_Activity:_ When the line containing "using assms(1) unfolding" appears in the entries below, begin printing there and stop after the line containing "unfolding a(2) using"; print each of those lines exactly and no other line.

_Provided records:_

lemma Mbasis_coords_eq_0:
  assumes "fsupp \<zeta>" "\<And>s. dpair \<zeta> (Mbasis s) = 0"
  shows "\<zeta> = (\<lambda>_. 0)"
proof (rule ccontr)
  assume "\<zeta> \<noteq> (\<lambda>_. 0)"
  then have fin: "finite (right_weight ` supp \<zeta>)" and ne: "right_weight ` supp \<zeta> \<noteq> {}"
    using assms(1) unfolding fsupp_def by auto
  obtain a where a: "a \<in> supp \<zeta>" "right_weight a = Max (right_weight ` supp \<zeta>)"
    using Max_in[OF fin ne] by auto
  txt \<open>By triangularity, only the diagonal term survives at a support element of maximal
    right weight.\<close>
  have "\<zeta> b = 0" if "tamari_le a b" "b \<noteq> a" for b
  proof (rule ccontr)
    assume "\<zeta> b \<noteq> 0"
    then have "right_weight b \<le> right_weight a"
      unfolding a(2) using fin by (simp add: Max_ge)
    with tamari_less_right_weight[OF that(1)] that(2) show False by simp
  qed
  then have "dpair \<zeta> (Mbasis a) = (\<Sum>b\<in>{a}. \<zeta> b * of_int (tamari_mobius a b))"
    unfolding dpair_Mbasis by (intro sum.mono_neutral_right) (auto simp: finite_tamari_above)
  then show False
    using assms(2)[of a] a by (simp add: tamari_mobius.simps)
qed

lemma fsupp_downset: "fsupp (\<lambda>a. of_bool (tamari_le a t))"
  unfolding fsupp_def by (rule finite_subset[OF _ finite_tamari_below[of t]]) auto

lemma Mdual_eq: "Mdual t = (\<lambda>a. of_bool (tamari_le a t))"
  unfolding Mdual_def
proof (rule the_equality)
  show "fsupp (\<lambda>a. of_bool (tamari_le a t)) \<and>
      (\<forall>s. dpair (\<lambda>a. of_bool (tamari_le a t)) (Mbasis s) = (if s = t then 1 else 0))"
    by (simp add: fsupp_downset dpair_downset_Mbasis)
next
  fix \<xi> assume \<xi>: "fsupp \<xi> \<and> (\<forall>s. dpair \<xi> (Mbasis s) = (if s = t then 1 else 0))"
  have "fsupp (\<lambda>a. \<xi> a - of_bool (tamari_le a t))"
    using \<xi> fsupp_downset[of t] by (simp add: fsupp_diff)
  moreover have "dpair (\<lambda>a. \<xi> a - of_bool (tamari_le a t)) (Mbasis s) = 0" for s
    using \<xi> by (simp add: dpair_diff dpair_downset_Mbasis)
  ultimately have "(\<lambda>a. \<xi> a - of_bool (tamari_le a t)) = (\<lambda>_. 0)"
    by (rule Mbasis_coords_eq_0)
  then show "\<xi> = (\<lambda>a. of_bool (tamari_le a t))"
    by (simp add: fun_eq_iff)
qed

lemma fsupp_Mdual: "fsupp (Mdual t)"
  by (simp add: Mdual_eq fsupp_downset)

lemma dpair_Mdual_Mbasis: "dpair (Mdual t) (Mbasis s) = of_bool (s = t)"
  by (simp add: Mdual_eq dpair_downset_Mbasis)

lemma dpair_lin_Mdual_Mbasis:
  assumes "fsupp y"
  shows "dpair (lin Mdual y) (Mbasis s) = y s"
proof -
  have "dpair (lin Mdual y) (Mbasis s) = (\<Sum>a\<in>supp y. if a = s then y a else 0)"
    by (auto simp: dpair_lin dpair_Mdual_Mbasis intro: sum.cong)
  then show ?thesis
    using assms by (simp add: fsupp_def sum.delta)
qed

lemma fsupp_Mbasis_coords:
  assumes "fsupp \<xi>"
  shows "fsupp (\<lambda>s. dpair \<xi> (Mbasis s))"
proof -
  have "supp (\<lambda>s. dpair \<xi> (Mbasis s)) \<subseteq> (\<Union>a\<in>supp \<xi>. {s. tamari_le s a})"
    by (auto simp: dpair_Mbasis elim!: sum.not_neutral_contains_not_neutral)
  then show ?thesis
    using assms finite_tamari_below unfolding fsupp_def by (auto intro: finite_subset)
qed

lemma lin_Mdual_Mbasis_coords:
  assumes "fsupp \<xi>"
  shows "lin Mdual (\<lambda>s. dpair \<xi> (Mbasis s)) = \<xi>"
proof -
  let ?y = "\<lambda>s. dpair \<xi> (Mbasis s)"
  have y: "fsupp ?y"
    using assms by (rule fsupp_Mbasis_coords)
  have "fsupp (\<lambda>a. \<xi> a - lin Mdual ?y a)"
    using assms fsupp_lin[OF y fsupp_Mdual] by (rule fsupp_diff)
  moreover have "dpair (\<lambda>a. \<xi> a - lin Mdual ?y a) (Mbasis s) = 0" for s
    by (simp add: dpair_diff dpair_lin_Mdual_Mbasis[OF y])
  ultimately have "(\<lambda>a. \<xi> a - lin Mdual ?y a) = (\<lambda>_. 0)"
    by (rule Mbasis_coords_eq_0)
  then show ?thesis
    by (simp add: fun_eq_iff)
qed

lemma bij_betw_lin_Mdual: "bij_betw (lin Mdual) {y. fsupp y} {\<xi>. fsupp \<xi>}"
proof (rule bij_betw_byWitness[where f' = "\<lambda>\<xi> s. dpair \<xi> (Mbasis s)"])
  show "lin Mdual ` {y. fsupp y} \<subseteq> {\<xi>. fsupp \<xi>}"
    using fsupp_lin fsupp_Mdual by blast
qed (auto simp: dpair_lin_Mdual_Mbasis lin_Mdual_Mbasis_coords fsupp_Mbasis_coords)

section \<open>Forests and \<open>\<Phi>\<close>\<close>

lemma phiF_append: "phiF (f @ g) = under (phiF f) (phiF g)"
  by (induction f) (auto simp: under_assoc)

fun psiB :: "btree \<Rightarrow> forest" where
  "psiB Leaf = []"
| "psiB (Br l r) = Node (psiB l) # psiB r"

lemma phiF_psiB [simp]: "phiF (psiB b) = b"
  by (induction b) auto

lemma psiB_phiF [simp]: "psiB (phiF f) = f"
proof (induction f rule: measure_induct_rule[of "size_list size"])
  case (less f)
  show ?case
  proof (cases f)
    case (Cons T Ts)
    then show ?thesis using less by (cases T) simp
  qed simp
qed

lemma phiF_eq_Leaf_iff [simp]: "phiF f = Leaf \<longleftrightarrow> f = []"
proof (cases f)
  case (Cons T Ts)
  then show ?thesis by (cases T) simp
qed simp

lemma tnodes_fnodes_card:
  shows "finite (tnodes T) \<and> card (tnodes T) = bsize (phiT T) \<and> [] \<in> tnodes T"
    and "finite (fnodes k f) \<and> card (fnodes k f) = bsize (phiF f)
      \<and> (\<forall>p\<in>fnodes k f. p \<noteq> [] \<and> k \<le> hd p)"
proof (induction T and k f rule: tnodes_fnodes.induct)
  case (1 cs)
  then have "[] \<notin> fnodes 0 cs" by auto
  with 1 show ?case by simp
next
  case (3 k t ts)
  then have "Cons k ` tnodes t \<inter> fnodes (Suc k) ts = {}" by fastforce
  with 3 have "card (Cons k ` tnodes t \<union> fnodes (Suc k) ts)
      = card (tnodes t) + card (fnodes (Suc k) ts)"
    by (simp add: card_Un_disjoint card_image)
  with 3 show ?case by (cases t) auto
qed simp

lemma fdeg_eq_bsize_phiF: "fdeg f = bsize (phiF f)"
  unfolding fdeg_def nodes_def using tnodes_fnodes_card(2) by blast

lemma Phi_eq_lin_Mdual: "Phi x = lin Mdual (\<lambda>t. x (psiB t))"
  unfolding Phi_def Phi_basis_def by (rule lin_reindex) simp_all

lemma bij_betw_Phi: "bij_betw Phi {x. fsupp x} {\<xi>. fsupp \<xi>}"
  unfolding Phi_eq_lin_Mdual[abs_def]
  using bij_betw_trans[OF bij_betw_comp_fsupp[of psiB phiF] bij_betw_lin_Mdual]
  by (simp add: comp_def)

lemma Phi_superset:
  assumes "finite S" "supp x \<subseteq> S"
  shows "Phi x u = (\<Sum>f\<in>S. x f * of_bool (tamari_le u (phiF f)))"
  unfolding Phi_def lin_superset[OF assms] by (simp add: Phi_basis_def Mdual_eq)

lemma Phi_graded:
  assumes "fsupp x" "\<forall>f. x f \<noteq> 0 \<longrightarrow> fdeg f = n" "Phi x t \<noteq> 0"
  shows "bsize t = n"
proof -
  have "(\<Sum>f\<in>supp x. x f * of_bool (tamari_le t (phiF f))) \<noteq> 0"
    using assms(1,3) Phi_superset[of "supp x" x t] by (simp add: fsupp_def)
  then obtain f where "x f \<noteq> 0" "tamari_le t (phiF f)"
    by (auto elim: sum.not_neutral_contains_not_neutral)
  then show ?thesis
    using assms(2) by (simp add: fdeg_eq_bsize_phiF tamari_le_bsize)
qed

lemma Phi_unit: "Phi unitN = unitLR"
  by (auto simp: Phi_def unitN_def lin_vbasis Phi_basis_def Mdual_eq unitLR_def)

lemma Phi_counit:
  assumes "fsupp x"
  shows "counitLR (Phi x) = counitN x"
proof -
  have S: "finite (insert [] (supp x))" "supp x \<subseteq> insert [] (supp x)"
    using assms by (auto simp: fsupp_def)
  have "counitLR (Phi x) = Phi x Leaf"
    unfolding counitLR_def unitY_def by (subst dpair_superset[of "{Leaf}"]) (auto simp: vbasis_def)
  also have "\<dots> = (\<Sum>f\<in>insert [] (supp x). if f = [] then x f else 0)"
    unfolding Phi_superset[OF S] by (intro sum.cong) auto
  also have "\<dots> = counitN x"
    using S by (simp add: counitN_def sum.delta)
  finally show ?thesis .
qed

lemma multLR_eq:
  "multLR \<xi> \<eta> u = (\<Sum>i\<in>{0..bsize u}. \<xi> (fst (ysplit u i)) * \<eta> (snd (ysplit u i)))"
proof -
  have "tpair \<xi> \<eta> z = dpair (\<lambda>p. \<xi> (fst p) * \<eta> (snd p)) z" for z
    by (simp add: tpair_def dpair_def)
  then show ?thesis
    unfolding multLR_def DeltaY_basis_def
    using dpair_vbasis_sum[of "{0..bsize u}" _ "\<lambda>_. 1"] by simp
qed

lemma Phi_basis_append:
  "Phi_basis (f @ g) u = (\<Sum>i\<in>{0..bsize u}.
     Phi_basis f (fst (ysplit u i)) * Phi_basis g (snd (ysplit u i)))"
  by (simp add: Phi_basis_def Mdual_eq phiF_append of_bool_tamari_le_under)

lemma Phi_mult:
  assumes "fsupp x" "fsupp y"
  shows "Phi (multN x y) = multLR (Phi x) (Phi y)"
proof
  fix u
  have fin: "finite (supp x \<times> supp y)"
    using assms by (simp add: fsupp_def)
  have "multN x y = (\<lambda>c. \<Sum>(f, g)\<in>supp x \<times> supp y. x f * y g * vbasis (f @ g) c)"
    unfolding multN_def lin2_def by (simp add: sum.cartesian_product)
  then have "Phi (multN x y) u = (\<Sum>(f, g)\<in>supp x \<times> supp y. x f * y g * Phi_basis (f @ g) u)"
    unfolding Phi_def using lin_vbasis_sum[OF fin, of _ "\<lambda>(f, g). x f * y g" "\<lambda>(f, g). f @ g"]
    by (simp add: case_prod_beta')
  also have "\<dots> = (\<Sum>i\<in>{0..bsize u}. \<Sum>(f, g)\<in>supp x \<times> supp y.
      (x f * Phi_basis f (fst (ysplit u i))) * (y g * Phi_basis g (snd (ysplit u i))))"
    unfolding Phi_basis_append
    by (subst sum.swap) (simp add: sum_distrib_left ac_simps case_prod_beta')
  also have "\<dots> = multLR (Phi x) (Phi y) u"
    unfolding multLR_eq Phi_def lin_def
    by (simp add: sum_product sum.cartesian_product case_prod_beta')
  finally show "Phi (multN x y) u = multLR (Phi x) (Phi y) u" .
qed

section \<open>Terms of the product \<open>F\<^sub>s \<cdot> F\<^sub>t\<close>\<close>

definition sorted_seqs :: "nat \<Rightarrow> nat \<Rightarrow> nat list set" where
  "sorted_seqs p q = {is. length is = q \<and> sorted is \<and> (\<forall>i\<in>set is. i \<le> p)}"

definition mult_term :: "btree \<Rightarrow> btree \<Rightarrow> nat list \<Rightarrow> btree" where
  "mult_term s t is = graft (ydivide s is) t"

lemma multY_basis_eq:
  "multY_basis s t = (\<lambda>u. \<Sum>is\<in>sorted_seqs (bsize s) (bsize t). vbasis (mult_term s t is) u)"
  by (simp add: multY_basis_def sorted_seqs_def mult_term_def)

lemma finite_sorted_seqs: "finite (sorted_seqs p q)"
  by (rule finite_subset[of _ "{xs. set xs \<subseteq> {0..p} \<and> length xs = q}"])
    (auto simp: sorted_seqs_def intro: finite_lists_length_eq)

lemma sorted_seqs_0 [simp]: "sorted_seqs p 0 = {[]}"
  by (auto simp: sorted_seqs_def)

lemma sorted_seqs_nth: "is \<in> sorted_seqs p q \<Longrightarrow> n < q \<Longrightarrow> is ! n \<le> p"
  by (auto simp: sorted_seqs_def)

lemma sorted_seqs_take:
  assumes "is \<in> sorted_seqs p q" "n < q"
  shows "take n is \<in> sorted_seqs (is ! n) n"
proof -
  have "x \<le> is ! n" if "x \<in> set (take n is)" for x
    using that assms sorted_nth_mono[of "is" _ n]
    by (auto simp: sorted_seqs_def in_set_conv_nth)
  then show ?thesis
    using assms by (auto simp: sorted_seqs_def sorted_wrt_take)
qed

lemma sorted_map_diff: "sorted (xs :: nat list) \<Longrightarrow> sorted (map (\<lambda>j. j - c) xs)"
  unfolding sorted_map by (rule sorted_wrt_mono_rel[of xs "(\<le>)"]) (auto intro: diff_le_mono)

lemma sorted_seqs_drop:
  assumes "is \<in> sorted_seqs p q" "n < q"
  shows "map (\<lambda>j. j - is ! n) (drop (n + 1) is) \<in> sorted_seqs (p - is ! n) (q - n - 1)"
  using assms
  by (auto simp: sorted_seqs_def intro!: sorted_map_diff sorted_wrt_drop diff_le_mono
      dest: in_set_dropD)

_Problem solution:_
    using assms(1) unfolding fsupp_def by auto
  obtain a where a: "a \<in> supp \<zeta>" "right_weight a = Max (right_weight ` supp \<zeta>)"
    using Max_in[OF fin ne] by auto
  txt \<open>By triangularity, only the diagonal term survives at a support element of maximal
    right weight.\<close>
  have "\<zeta> b = 0" if "tamari_le a b" "b \<noteq> a" for b
  proof (rule ccontr)
    assume "\<zeta> b \<noteq> 0"
    then have "right_weight b \<le> right_weight a"
      unfolding a(2) using fin by (simp add: Max_ge)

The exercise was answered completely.